(* Let $k\in\mathbb{N}$. The only isometric multiplication operators on $\mathcal{L}^{(k)}$, and the only isometric multiplication operators on $\mathcal{L}^{(k)}_0$, are those $M_\psi$ whose symbol $\psi$ is a constant function of modulus one.
   Context: $T$ is a tree (locally finite, connected, simply connected graph, identified with its vertex set) without terminal vertices, rooted at $o$. $|v|$ is the distance from $o$ to $v$; for $v\ne o$, $v^-$ is the parent of $v$. $T^*=T\setminus\{o\}$, $Df(v)=|f(v)-f(v^-)|$. For $x\ge1$: $\ell_0(x)=1$, $\ell_1(x)=1+\ln x$, $\ell_j(x)=1+\ln\ell_{j-1}(x)$ for $j\ge2$. $\mathcal{L}^{(k)}$ is the space of $f:T\to\mathbb{C}$ with $\sup_{v\in T^*}|v|\prod_{j=0}^{k-1}\ell_j(|v|)Df(v)<\infty$, normed by $\|f\|_k=|f(o)|+\sup_{v\in T^*}|v|\prod_{j=0}^{k-1}\ell_j(|v|)Df(v)$; $\mathcal{L}^{(k)}_0$ is its subspace of $f$ with $|v|\prod_{j=0}^{k-1}\ell_j(|v|)Df(v)\to0$ as $|v|\to\infty$. $M_\psi f=\psi f$; an isometric multiplication operator on $X$ is one with $M_\psi(X)\subseteq X$ and $\|\psi f\|_k=\|f\|_k$ for all $f\in X$. *)

theory Defs
  imports Complex_Main
begin

text \<open>A rooted tree is encoded by its vertex type 'v (the vertex set T is UNIV),
  a root r and a parent map par (par v = v^- for v \<noteq> r; convention par r = r).
  Every vertex reaches the root by iterating par; hence the graph with edges
  {v, par v} (v \<noteq> r) is connected and simply connected.\<close>

definition is_rooted_tree :: "('v \<Rightarrow> 'v) \<Rightarrow> 'v \<Rightarrow> bool" where
  "is_rooted_tree par r \<longleftrightarrow> par r = r \<and> (\<forall>v. \<exists>n. (par ^^ n) v = r)"

definition children :: "('v \<Rightarrow> 'v) \<Rightarrow> 'v \<Rightarrow> 'v \<Rightarrow> 'v set" where
  "children par r v = {w. w \<noteq> r \<and> par w = v}"

definition degree :: "('v \<Rightarrow> 'v) \<Rightarrow> 'v \<Rightarrow> 'v \<Rightarrow> nat" where
  "degree par r v = card (children par r v) + (if v = r then 0 else 1)"

definition good_tree :: "('v \<Rightarrow> 'v) \<Rightarrow> 'v \<Rightarrow> bool" where
  "good_tree par r \<longleftrightarrow> is_rooted_tree par r
     \<and> (\<forall>v. finite (children par r v))
     \<and> (\<forall>v. degree par r v \<noteq> 1)"

definition vlen :: "('v \<Rightarrow> 'v) \<Rightarrow> 'v \<Rightarrow> 'v \<Rightarrow> nat" where
  "vlen par r v = (LEAST n. (par ^^ n) v = r)"

fun ell :: "nat \<Rightarrow> real \<Rightarrow> real" where
  "ell 0 x = 1"
| "ell (Suc 0) x = 1 + ln x"
| "ell (Suc (Suc j)) x = 1 + ln (ell (Suc j) x)"

definition weight :: "nat \<Rightarrow> nat \<Rightarrow> real" where
  "weight k n = real n * (\<Prod>j<k. ell j (real n))"

definition Df :: "('v \<Rightarrow> 'v) \<Rightarrow> ('v \<Rightarrow> complex) \<Rightarrow> 'v \<Rightarrow> real" where
  "Df par f v = cmod (f v - f (par v))"

definition wquot :: "('v \<Rightarrow> 'v) \<Rightarrow> 'v \<Rightarrow> nat \<Rightarrow> ('v \<Rightarrow> complex) \<Rightarrow> 'v \<Rightarrow> real" where
  "wquot par r k f v = weight k (vlen par r v) * Df par f v"

definition Lk :: "('v \<Rightarrow> 'v) \<Rightarrow> 'v \<Rightarrow> nat \<Rightarrow> ('v \<Rightarrow> complex) set" where
  "Lk par r k = {f. bdd_above (wquot par r k f ` {v. v \<noteq> r})}"

definition Lk0 :: "('v \<Rightarrow> 'v) \<Rightarrow> 'v \<Rightarrow> nat \<Rightarrow> ('v \<Rightarrow> complex) set" where
  "Lk0 par r k = {f. f \<in> Lk par r k \<and>
      (\<forall>e>0. \<exists>N. \<forall>v. v \<noteq> r \<and> vlen par r v \<ge> N \<longrightarrow> wquot par r k f v < e)}"

text \<open>The norm; the supremum over T* is taken with 0 inserted (all terms are \<ge> 0),
  so that it is 0 when T* is empty.\<close>
definition normk :: "('v \<Rightarrow> 'v) \<Rightarrow> 'v \<Rightarrow> nat \<Rightarrow> ('v \<Rightarrow> complex) \<Rightarrow> real" where
  "normk par r k f = cmod (f r) + Sup (insert 0 (wquot par r k f ` {v. v \<noteq> r}))"

definition isometric_mult :: "('v \<Rightarrow> 'v) \<Rightarrow> 'v \<Rightarrow> nat \<Rightarrow> ('v \<Rightarrow> complex) set
    \<Rightarrow> ('v \<Rightarrow> complex) \<Rightarrow> bool" where
  "isometric_mult par r k X psi \<longleftrightarrow>
     (\<forall>f\<in>X. (\<lambda>v. psi v * f v) \<in> X) \<and>
     (\<forall>f\<in>X. normk par r k (\<lambda>v. psi v * f v) = normk par r k f)"

end

theory Submission
  imports Defs
begin

text \<open>Multiplication by \<open>\<psi>\<close> sends the indicator of a vertex \<open>v\<close> to \<open>\<psi>(v)\<close> times that
  indicator; as the norm is absolutely homogeneous and indicators have positive norm,
  \<open>|\<psi>(v)| = 1\<close>. Multiplying the constant \<open>1\<close> gives \<open>\<psi>\<close> itself, so \<open>\<parallel>\<psi>\<parallel> = \<parallel>1\<parallel> = 1 = |\<psi>(o)|\<close>:
  the supremum part of the norm of \<open>\<psi>\<close> vanishes, hence \<open>\<psi>(v) = \<psi>(v\<^sup>-)\<close> for all \<open>v \<noteq> o\<close> and
  \<open>\<psi>\<close> is constant. Local finiteness puts the indicators into the little space, so the same
  argument works for both spaces.\<close>

lemma ell_ge_1: "x \<ge> 1 \<Longrightarrow> ell j x \<ge> 1"
  by (induction j x rule: ell.induct) auto

lemma weight_pos: "n > 0 \<Longrightarrow> weight k n > 0"
  unfolding weight_def
  by (intro mult_pos_pos prod_pos) (auto intro: less_le_trans[OF _ ell_ge_1])

lemma rooted_tree_par_neq:
  assumes "is_rooted_tree par r" "v \<noteq> r"
  shows "par v \<noteq> v"
proof
  assume "par v = v"
  then have "(par ^^ n) v = v" for n
    by (induction n) auto
  then show False
    using assms unfolding is_rooted_tree_def by metis
qed

lemma rooted_tree_vlen_pos:
  assumes "is_rooted_tree par r" "v \<noteq> r"
  shows "vlen par r v > 0"
proof -
  have "(par ^^ vlen par r v) v = r"
    unfolding vlen_def by (rule LeastI_ex) (use assms(1) in \<open>auto simp: is_rooted_tree_def\<close>)
  then show ?thesis
    using assms(2) by (cases "vlen par r v") auto
qed

lemma rooted_tree_par_invariant_const:
  assumes "is_rooted_tree par r" and par_inv: "\<And>w. w \<noteq> r \<Longrightarrow> f (par w) = f w"
  shows "f v = f r"
proof -
  have "f (par w) = f w" for w
    using par_inv assms(1) by (cases "w = r") (auto simp: is_rooted_tree_def)
  then have "f ((par ^^ n) v) = f v" for n
    by (induction n) auto
  moreover obtain n where "(par ^^ n) v = r"
    using assms(1) by (auto simp: is_rooted_tree_def)
  ultimately show ?thesis
    by metis
qed

lemma Sup_insert_0_cmult:
  fixes g :: "'a \<Rightarrow> real"
  assumes "c \<ge> 0" "bdd_above (g ` A)"
  shows "Sup (insert 0 ((\<lambda>x. c * g x) ` A)) = c * Sup (insert 0 (g ` A))"
proof -
  have "c * Sup (insert 0 (g ` A)) = (SUP y\<in>insert 0 (g ` A). c * y)"
    using assms
    by (intro continuous_at_Sup_mono) (auto intro!: monoI mult_left_mono continuous_intros)
  then show ?thesis
    by (simp add: image_image)
qed

lemma wquot_cmult: "wquot par r k (\<lambda>w. a * f w) v = cmod a * wquot par r k f v"
  unfolding wquot_def Df_def
  by (simp add: right_diff_distrib[symmetric] norm_mult)

lemma normk_cmult:
  assumes "f \<in> Lk par r k"
  shows "normk par r k (\<lambda>w. a * f w) = cmod a * normk par r k f"
  using Sup_insert_0_cmult[of "cmod a" "wquot par r k f" "{v. v \<noteq> r}"] assms
  by (simp add: normk_def Lk_def wquot_cmult norm_mult distrib_left)

lemma wquot_const: "wquot par r k (\<lambda>_. c) v = 0"
  by (simp add: wquot_def Df_def)

lemma const_in_Lk0: "(\<lambda>_. c) \<in> Lk0 par r k"
  by (simp add: Lk0_def Lk_def wquot_const image_constant_conv)

lemma Lk0_subset_Lk: "Lk0 par r k \<subseteq> Lk par r k"
  by (auto simp: Lk0_def)

lemma normk_const: "normk par r k (\<lambda>_. c) = cmod c"
  by (simp add: normk_def wquot_const image_constant_conv)

definition vertex_indicator :: "'v \<Rightarrow> 'v \<Rightarrow> complex" where
  "vertex_indicator v w = (if w = v then 1 else 0)"

lemma wquot_vertex_indicator_eq_0:
  assumes "w \<notin> insert v (children par r v)" "w \<noteq> r"
  shows "wquot par r k (vertex_indicator v) w = 0"
  using assms by (auto simp: wquot_def Df_def children_def vertex_indicator_def)

lemma vertex_indicator_in_Lk0:
  assumes "good_tree par r"
  shows "vertex_indicator v \<in> Lk0 par r k"
proof -
  define F where "F = insert v (children par r v)"
  have "finite F"
    using assms by (auto simp: F_def good_tree_def)
  have outside_F: "wquot par r k (vertex_indicator v) w = 0" if "w \<notin> F" "w \<noteq> r" for w
    using wquot_vertex_indicator_eq_0 that unfolding F_def .
  have "wquot par r k (vertex_indicator v) ` {w. w \<noteq> r}
        \<subseteq> insert 0 (wquot par r k (vertex_indicator v) ` F)"
    using outside_F by blast
  then have "bdd_above (wquot par r k (vertex_indicator v) ` {w. w \<noteq> r})"
    by (rule bdd_above_mono[rotated]) (simp add: \<open>finite F\<close>)
  then have "vertex_indicator v \<in> Lk par r k"
    by (simp add: Lk_def)
  moreover have "wquot par r k (vertex_indicator v) w < e"
    if "e > 0" "w \<noteq> r" "Suc (Max (vlen par r ` F)) \<le> vlen par r w" for e w
  proof -
    have "w \<notin> F"
    proof
      assume "w \<in> F"
      then have "vlen par r w \<le> Max (vlen par r ` F)"
        using \<open>finite F\<close> by simp
      with that(3) show False
        by simp
    qed
    then show ?thesis
      using outside_F that(1,2) by simp
  qed
  ultimately show ?thesis
    unfolding Lk0_def by blast
qed

lemma normk_vertex_indicator_pos:
  assumes "good_tree par r"
  shows "normk par r k (vertex_indicator v) > 0"
proof -
  have rooted: "is_rooted_tree par r"
    using assms by (simp add: good_tree_def)
  let ?S = "insert 0 (wquot par r k (vertex_indicator v) ` {w. w \<noteq> r})"
  have bdd: "bdd_above ?S"
    using vertex_indicator_in_Lk0[OF assms, of v k] by (simp add: Lk0_def Lk_def)
  show ?thesis
  proof (cases "v = r")
    case True
    have "Sup ?S \<ge> 0"
      using bdd by (auto intro: cSup_upper)
    with True show ?thesis
      by (simp add: normk_def vertex_indicator_def)
  next
    case False
    have "0 < weight k (vlen par r v)"
      using weight_pos rooted_tree_vlen_pos[OF rooted False] .
    also have "\<dots> = wquot par r k (vertex_indicator v) v"
      using rooted_tree_par_neq[OF rooted False]
      by (simp add: wquot_def Df_def vertex_indicator_def)
    also have "\<dots> \<le> Sup ?S"
      using bdd False by (auto intro: cSup_upper)
    finally show ?thesis
      using False by (simp add: normk_def vertex_indicator_def)
  qed
qed

lemma par_invariant_if_normk_eq_root:
  assumes "is_rooted_tree par r" "f \<in> Lk par r k" "normk par r k f = cmod (f r)" "w \<noteq> r"
  shows "f (par w) = f w"
proof -
  have "wquot par r k f w \<le> Sup (insert 0 (wquot par r k f ` {v. v \<noteq> r}))"
    using assms(2,4) by (auto simp: Lk_def intro: cSup_upper)
  also have "\<dots> = 0"
    using assms(3) by (simp add: normk_def)
  moreover have "weight k (vlen par r w) > 0"
    using weight_pos rooted_tree_vlen_pos[OF assms(1,4)] .
  ultimately have "Df par f w \<le> 0"
    by (simp add: wquot_def mult_le_0_iff)
  then show ?thesis
    by (simp add: Df_def)
qed

lemma isometric_mult_imp_unimodular_const:
  assumes tree: "good_tree par r" and "X \<subseteq> Lk par r k"
    and indicators: "\<And>v. vertex_indicator v \<in> X" and one: "(\<lambda>_. 1) \<in> X"
    and iso: "isometric_mult par r k X psi"
  shows "\<exists>c. cmod c = 1 \<and> psi = (\<lambda>_. c)"
proof -
  have rooted: "is_rooted_tree par r"
    using tree by (simp add: good_tree_def)
  have unimodular: "cmod (psi v) = 1" for v
  proof -
    have "cmod (psi v) * normk par r k (vertex_indicator v)
        = normk par r k (\<lambda>w. psi v * vertex_indicator v w)"
      using indicators \<open>X \<subseteq> Lk par r k\<close> by (simp add: normk_cmult subset_iff)
    also have "(\<lambda>w. psi v * vertex_indicator v w) = (\<lambda>w. psi w * vertex_indicator v w)"
      by (auto simp: vertex_indicator_def)
    also have "normk par r k \<dots> = normk par r k (vertex_indicator v)"
      using iso indicators by (simp add: isometric_mult_def)
    finally have "cmod (psi v) * normk par r k (vertex_indicator v)
        = normk par r k (vertex_indicator v)" .
    then show ?thesis
      using normk_vertex_indicator_pos[OF tree, of k v] by simp
  qed
  have "psi \<in> X" "normk par r k psi = 1"
    using iso one normk_const[of par r k 1] by (auto simp: isometric_mult_def)
  then have "psi (par w) = psi w" if "w \<noteq> r" for w
    using par_invariant_if_normk_eq_root[OF rooted] unimodular \<open>X \<subseteq> Lk par r k\<close> that by auto
  then have "psi = (\<lambda>_. psi r)"
    using rooted_tree_par_invariant_const[OF rooted] by blast
  with unimodular show ?thesis
    by blast
qed

lemma isometric_mult_const:
  assumes "cmod c = 1"
  shows "isometric_mult par r k (Lk par r k) (\<lambda>_. c)"
    and "isometric_mult par r k (Lk0 par r k) (\<lambda>_. c)"
  using assms
  by (auto simp: isometric_mult_def Lk_def Lk0_def normk_def wquot_cmult norm_mult)

theorem theorem5p1:
  fixes par :: "'v \<Rightarrow> 'v" and r :: 'v and k :: nat and psi :: "'v \<Rightarrow> complex"
  assumes "good_tree par r"
  shows "(isometric_mult par r k (Lk par r k) psi \<longleftrightarrow> (\<exists>c. cmod c = 1 \<and> psi = (\<lambda>_. c)))
       \<and> (isometric_mult par r k (Lk0 par r k) psi \<longleftrightarrow> (\<exists>c. cmod c = 1 \<and> psi = (\<lambda>_. c)))"
proof -
  have "vertex_indicator v \<in> Lk par r k" for v
    using subsetD[OF Lk0_subset_Lk vertex_indicator_in_Lk0[OF assms]] .
  note unimodular_const_Lk =
    isometric_mult_imp_unimodular_const[OF assms order_refl this subsetD[OF Lk0_subset_Lk const_in_Lk0]]
  note unimodular_const_Lk0 =
    isometric_mult_imp_unimodular_const[OF assms Lk0_subset_Lk vertex_indicator_in_Lk0[OF assms] const_in_Lk0]
  show ?thesis
    using unimodular_const_Lk unimodular_const_Lk0 isometric_mult_const by auto
qed

end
* * * * * * *
## [WHAT YOU NEED TO DO]
Every line containing the string "subsetD" is required; copy each such line from the data.

## [SOLUTION TO THE EXERCISE]
    using subsetD[OF Lk0_subset_Lk vertex_indicator_in_Lk0[OF assms]] .
    isometric_mult_imp_unimodular_const[OF assms order_refl this subsetD[OF Lk0_subset_Lk const_in_Lk0]]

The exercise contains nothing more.